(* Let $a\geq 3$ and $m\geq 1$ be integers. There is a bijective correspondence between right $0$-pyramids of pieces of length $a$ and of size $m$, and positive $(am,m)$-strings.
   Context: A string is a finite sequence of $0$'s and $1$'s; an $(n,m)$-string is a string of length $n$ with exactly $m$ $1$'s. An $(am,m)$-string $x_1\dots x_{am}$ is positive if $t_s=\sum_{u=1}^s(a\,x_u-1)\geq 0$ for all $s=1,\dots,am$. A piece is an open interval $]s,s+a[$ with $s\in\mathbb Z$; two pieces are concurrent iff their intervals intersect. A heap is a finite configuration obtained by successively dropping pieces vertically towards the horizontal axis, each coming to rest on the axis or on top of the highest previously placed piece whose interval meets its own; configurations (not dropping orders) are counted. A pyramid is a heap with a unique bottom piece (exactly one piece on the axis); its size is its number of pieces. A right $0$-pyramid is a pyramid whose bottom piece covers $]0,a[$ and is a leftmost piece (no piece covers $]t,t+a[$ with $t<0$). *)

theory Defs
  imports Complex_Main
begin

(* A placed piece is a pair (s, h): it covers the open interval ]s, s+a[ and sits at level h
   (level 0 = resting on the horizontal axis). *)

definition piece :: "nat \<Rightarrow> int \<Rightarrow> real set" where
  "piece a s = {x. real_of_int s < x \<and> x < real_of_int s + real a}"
+ + + + +
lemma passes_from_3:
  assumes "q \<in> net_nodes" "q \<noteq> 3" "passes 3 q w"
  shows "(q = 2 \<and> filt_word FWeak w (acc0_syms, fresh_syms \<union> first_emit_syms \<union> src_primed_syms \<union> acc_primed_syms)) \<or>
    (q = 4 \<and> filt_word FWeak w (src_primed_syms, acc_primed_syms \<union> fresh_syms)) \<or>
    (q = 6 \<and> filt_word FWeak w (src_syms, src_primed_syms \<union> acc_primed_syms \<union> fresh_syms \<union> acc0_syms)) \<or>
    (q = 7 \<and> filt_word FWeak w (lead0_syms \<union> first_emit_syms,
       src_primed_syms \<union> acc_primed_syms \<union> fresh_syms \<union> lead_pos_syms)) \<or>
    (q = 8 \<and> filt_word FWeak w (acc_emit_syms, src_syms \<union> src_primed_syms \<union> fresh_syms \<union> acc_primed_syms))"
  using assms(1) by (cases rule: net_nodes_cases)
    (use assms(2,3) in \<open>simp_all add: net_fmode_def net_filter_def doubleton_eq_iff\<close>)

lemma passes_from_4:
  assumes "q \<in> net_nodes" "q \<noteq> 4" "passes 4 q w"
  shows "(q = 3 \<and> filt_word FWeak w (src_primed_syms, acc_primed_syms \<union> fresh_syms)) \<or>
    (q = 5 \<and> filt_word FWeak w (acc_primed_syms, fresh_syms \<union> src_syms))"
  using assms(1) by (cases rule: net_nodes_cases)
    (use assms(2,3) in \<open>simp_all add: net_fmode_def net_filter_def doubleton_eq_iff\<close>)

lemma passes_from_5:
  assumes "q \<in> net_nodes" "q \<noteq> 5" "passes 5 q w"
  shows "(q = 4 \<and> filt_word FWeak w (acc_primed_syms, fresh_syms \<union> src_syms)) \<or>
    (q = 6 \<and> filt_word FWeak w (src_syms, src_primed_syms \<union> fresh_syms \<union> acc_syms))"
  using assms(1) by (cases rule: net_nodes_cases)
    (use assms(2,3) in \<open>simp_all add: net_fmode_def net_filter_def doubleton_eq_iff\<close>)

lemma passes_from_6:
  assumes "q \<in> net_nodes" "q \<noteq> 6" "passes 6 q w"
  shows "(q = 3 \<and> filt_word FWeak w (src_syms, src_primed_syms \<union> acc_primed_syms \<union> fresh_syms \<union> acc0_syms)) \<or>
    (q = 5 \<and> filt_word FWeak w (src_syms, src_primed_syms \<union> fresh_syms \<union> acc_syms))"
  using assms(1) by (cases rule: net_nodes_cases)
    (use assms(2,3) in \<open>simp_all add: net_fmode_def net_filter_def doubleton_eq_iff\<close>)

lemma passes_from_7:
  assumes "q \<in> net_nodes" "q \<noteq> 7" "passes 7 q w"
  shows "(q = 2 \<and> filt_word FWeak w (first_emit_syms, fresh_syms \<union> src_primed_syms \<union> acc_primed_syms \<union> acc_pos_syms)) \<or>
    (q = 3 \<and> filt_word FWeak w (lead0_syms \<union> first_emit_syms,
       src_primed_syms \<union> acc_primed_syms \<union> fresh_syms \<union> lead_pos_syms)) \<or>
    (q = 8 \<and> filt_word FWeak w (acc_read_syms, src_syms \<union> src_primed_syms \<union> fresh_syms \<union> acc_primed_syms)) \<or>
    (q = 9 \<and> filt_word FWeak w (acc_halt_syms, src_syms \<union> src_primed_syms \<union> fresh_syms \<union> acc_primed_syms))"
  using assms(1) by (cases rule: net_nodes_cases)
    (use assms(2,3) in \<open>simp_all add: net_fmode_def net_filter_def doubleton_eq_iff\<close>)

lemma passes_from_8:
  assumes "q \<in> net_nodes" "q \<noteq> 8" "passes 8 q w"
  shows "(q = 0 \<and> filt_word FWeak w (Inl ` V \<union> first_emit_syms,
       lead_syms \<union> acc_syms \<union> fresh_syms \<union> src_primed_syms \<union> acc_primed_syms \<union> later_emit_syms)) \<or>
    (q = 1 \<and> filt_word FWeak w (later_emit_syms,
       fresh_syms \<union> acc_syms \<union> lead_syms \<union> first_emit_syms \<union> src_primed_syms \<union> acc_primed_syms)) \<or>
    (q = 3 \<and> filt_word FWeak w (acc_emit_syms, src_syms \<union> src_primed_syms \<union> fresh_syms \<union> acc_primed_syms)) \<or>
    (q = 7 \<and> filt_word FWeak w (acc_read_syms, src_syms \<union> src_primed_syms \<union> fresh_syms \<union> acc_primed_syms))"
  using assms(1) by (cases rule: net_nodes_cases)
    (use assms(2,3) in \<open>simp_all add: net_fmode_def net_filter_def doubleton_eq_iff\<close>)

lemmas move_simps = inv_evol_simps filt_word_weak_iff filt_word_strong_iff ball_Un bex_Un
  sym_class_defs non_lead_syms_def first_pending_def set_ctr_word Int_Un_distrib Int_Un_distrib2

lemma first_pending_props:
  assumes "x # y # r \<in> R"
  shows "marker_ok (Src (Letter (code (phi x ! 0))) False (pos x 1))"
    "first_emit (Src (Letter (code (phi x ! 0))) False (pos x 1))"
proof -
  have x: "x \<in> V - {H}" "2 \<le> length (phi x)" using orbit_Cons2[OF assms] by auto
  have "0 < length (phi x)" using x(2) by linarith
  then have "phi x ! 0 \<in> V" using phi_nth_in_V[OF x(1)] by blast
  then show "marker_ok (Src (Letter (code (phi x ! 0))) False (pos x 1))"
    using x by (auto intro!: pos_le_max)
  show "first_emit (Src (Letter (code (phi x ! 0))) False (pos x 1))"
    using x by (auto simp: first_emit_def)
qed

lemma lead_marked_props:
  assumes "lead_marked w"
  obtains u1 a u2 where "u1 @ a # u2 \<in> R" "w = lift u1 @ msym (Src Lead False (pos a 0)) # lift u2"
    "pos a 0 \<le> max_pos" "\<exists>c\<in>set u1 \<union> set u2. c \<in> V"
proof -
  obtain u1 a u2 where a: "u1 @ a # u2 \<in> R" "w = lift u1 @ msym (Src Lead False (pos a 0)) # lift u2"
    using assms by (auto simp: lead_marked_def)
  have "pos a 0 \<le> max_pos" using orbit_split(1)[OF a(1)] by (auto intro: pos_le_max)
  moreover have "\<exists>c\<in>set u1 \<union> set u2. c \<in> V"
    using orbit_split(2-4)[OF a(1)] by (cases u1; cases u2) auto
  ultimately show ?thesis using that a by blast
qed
+ + + + +
* **Requirement**
How many lines in the records contain the word "auto"? Answer with the number alone.

* **Finished task**
6